Gore was born in 1860. He studied chemistry at the Massachusetts Institute of Technology.

He married Angie T. Jordan, and they lived at today's 1896-built 62 South Street in Yarmouth. The property is now known as the Frederic Gore House.

In 1903, while assignor to S. D. Warren & Co., Gore had patented (number 725.071) cooking cellulose fiber. "The fiber is digested with caustic soda, diluted with spent soda liquor, afterwards transferring the dilute liquor from the fiber to reactivate contact with calcium hydroxide, then returning the liquor to the fiber, this maintaining the efficiency of the soda liquor."

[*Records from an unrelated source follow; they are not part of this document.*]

lemma finite_conjugates_coordinate_of_finite_normal:
  fixes G :: "('a, 'b) monoid_scheme" and Y :: "'c set" and H K :: "('c \<Rightarrow> 'a) set"
  assumes G: "group G" and infra: "infra_direct G Y H"
    and K: "K \<lhd> (power_group G Y)\<lparr>carrier := H\<rparr>" and fin: "finite K"
    and k: "k \<in> K" and u: "u \<in> Y"
  shows "finite (conjugates G (carrier G) (k u))"
proof -
  interpret G: group G by fact
  define P where "P = power_group G Y"
  interpret P: group P unfolding P_def using G by simp
  have H: "subgroup H P" using infra unfolding infra_direct_def P_def by blast
  interpret K: normal K "P\<lparr>carrier := H\<rparr>" using K unfolding P_def .
  have k_H: "k \<in> H" using k K.subset by auto
  interpret coord: group_hom P G "\<lambda>f. f u"
    using hom_coordinate [OF u] G unfolding P_def by (simp add: group_hom_def group_hom_axioms_def)
  define A where "A = (\<lambda>h. h u) ` H"
  have A: "subgroup A G" unfolding A_def by (rule coord.subgroup_img_is_subgroup [OF H])
  have "conjugates G A (k u) \<subseteq> (\<lambda>f. f u) ` K"
  proof
    fix z assume "z \<in> conjugates G A (k u)"
    then obtain h where h: "h \<in> H" "z = h u \<otimes>\<^bsub>G\<^esub> k u \<otimes>\<^bsub>G\<^esub> inv\<^bsub>G\<^esub> h u"
      by (auto simp: conjugates_def A_def)
    have "h \<otimes>\<^bsub>P\<^esub> k \<otimes>\<^bsub>P\<^esub> inv\<^bsub>P\<^esub> h \<in> K"
      using K.inv_op_closed2 [of h k] h(1) k by (simp add: P.m_inv_consistent [OF H])
    moreover have "(h \<otimes>\<^bsub>P\<^esub> k \<otimes>\<^bsub>P\<^esub> inv\<^bsub>P\<^esub> h) u = z"
      using h k_H subgroup.mem_carrier [OF H] by auto
    ultimately show "z \<in> (\<lambda>f. f u) ` K" by force
  qed
  then have "finite (conjugates G A (k u))" using fin by (meson finite_imageI finite_subset)
  moreover have "finite (rcosets\<^bsub>G\<^esub> A)" using infra u unfolding infra_direct_def A_def by blast
  moreover have "k u \<in> carrier G" using k_H subgroup.mem_carrier [OF H] by auto
  ultimately show ?thesis using G.finite_conjugates_if_finite_index [OF A] by blast
qed

lemma finite_normal_subgroup_of_infra_direct_trivial:
  fixes G :: "('a, 'b) monoid_scheme" and Y :: "'c set" and H K :: "('c \<Rightarrow> 'a) set"
  assumes G: "group G" and ji: "just_infinite G" and not_va: "\<not> virtually_abelian G"
    and infra: "infra_direct G Y H"
    and K: "K \<lhd> (power_group G Y)\<lparr>carrier := H\<rparr>" and fin: "finite K"
  shows "K = {\<one>\<^bsub>power_group G Y\<^esub>}"
proof -
  interpret G: group G by fact
  define P where "P = power_group G Y"
  interpret K: normal K "P\<lparr>carrier := H\<rparr>" using K unfolding P_def .
  have H: "subgroup H P" using infra unfolding infra_direct_def P_def by blast
  have trivial: "k = \<one>\<^bsub>P\<^esub>" if k: "k \<in> K" for k
  proof -
    have "k \<in> carrier P" using k K.subset subgroup.mem_carrier [OF H] by auto
    then have k_ext: "k \<in> extensional Y" and k_carrier: "\<And>u. u \<in> Y \<Longrightarrow> k u \<in> carrier G"
      by (auto simp: P_def PiE_def)
    have "k u = \<one>\<^bsub>G\<^esub>" if u: "u \<in> Y" for u
      using G.virtually_abelian_if_finite_conjugates [OF ji k_carrier [OF u]] not_va
        finite_conjugates_coordinate_of_finite_normal [OF G infra K fin k u] by blast
    then show ?thesis
      unfolding P_def one_product_group using k_ext by (intro extensionalityI) auto
  qed
  have "\<one>\<^bsub>P\<^esub> \<in> K" using subgroup.one_closed [OF K.subgroup_axioms] by simp
  then show ?thesis using trivial unfolding P_def by blast
qed

lemma inj_on_psi_if_inj_on_finite_index:
  fixes G :: "('a, 'b) monoid_scheme" and Y :: "'c set" and H L :: "('c \<Rightarrow> 'a) set"
  assumes G: "group G" "just_infinite G" "\<not> virtually_abelian G"
    and infra: "infra_direct G Y H" and V: "V \<subseteq> Y"
    and L: "subgroup L (power_group G Y)" "L \<subseteq> H"
    and L_index: "finite (rcosets\<^bsub>(power_group G Y)\<lparr>carrier := H\<rparr>\<^esub> L)"
    and inj_L: "inj_on (psi V) L"
  shows "inj_on (psi V) H"
proof -
  define P where "P = power_group G Y"
  interpret P: group P unfolding P_def using G(1) by simp
  have H: "subgroup H P" using infra unfolding infra_direct_def P_def by blast
  interpret PH: group "P\<lparr>carrier := H\<rparr>" using P.subgroup_imp_group [OF H] .
  have "group_hom P (power_group G V) (psi V)"
    using hom_psi [OF V] G(1) unfolding P_def by (simp add: group_hom_def group_hom_axioms_def)
  then interpret psi_H: group_hom "P\<lparr>carrier := H\<rparr>" "power_group G V" "psi V"
    using group_hom_subgroup H by blast
  define K where "K = kernel (P\<lparr>carrier := H\<rparr>) (power_group G V) (psi V)"
  have "K \<inter> L \<subseteq> {\<one>\<^bsub>P\<^esub>}"
  proof
    fix k assume "k \<in> K \<inter> L"
    then have "k \<in> L" "psi V k = psi V \<one>\<^bsub>P\<^esub>"
      using psi_H.hom_one by (auto simp: K_def kernel_def)
    moreover have "\<one>\<^bsub>P\<^esub> \<in> L" using subgroup.one_closed [OF L(1)] unfolding P_def .
    ultimately show "k \<in> {\<one>\<^bsub>P\<^esub>}" using inj_L by (auto dest: inj_onD)
  qed
  moreover have "subgroup L (P\<lparr>carrier := H\<rparr>)"
    using P.subgroup_incl [OF L(1) [folded P_def] H L(2)] .
  ultimately have "finite K"
    using PH.finite_if_trivial_Int_finite_index psi_H.subgroup_kernel L_index
    unfolding K_def P_def by simp
  then have "K = {\<one>\<^bsub>P\<^esub>}"
    using finite_normal_subgroup_of_infra_direct_trivial G infra psi_H.normal_kernel
    unfolding K_def P_def by blast
  then show ?thesis
    using psi_H.inj_on_one_iff by (auto simp: K_def kernel_def)
qed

Gore became superintendent of Yarmouth's Forest Paper Company around the time of its being the largest such mill in the world.

In 1917, during the 22nd annual meeting of the Hawaiian Sugar Planters' Association, Gore was stated as having had 35 years of experience with digesters.

== Death ==
Gore died in 1930, aged 69 or 70. He was interred in Yarmouth's Old Baptist Cemetery, around 0.25 mi northwest of his home. His wife survived him by nine years; she was buried alongside him. According to Yarmouth historian Alan M. Hall: "Mrs. Gore reportedly enjoyed [her] lifestyle, but lamented that they never had any children."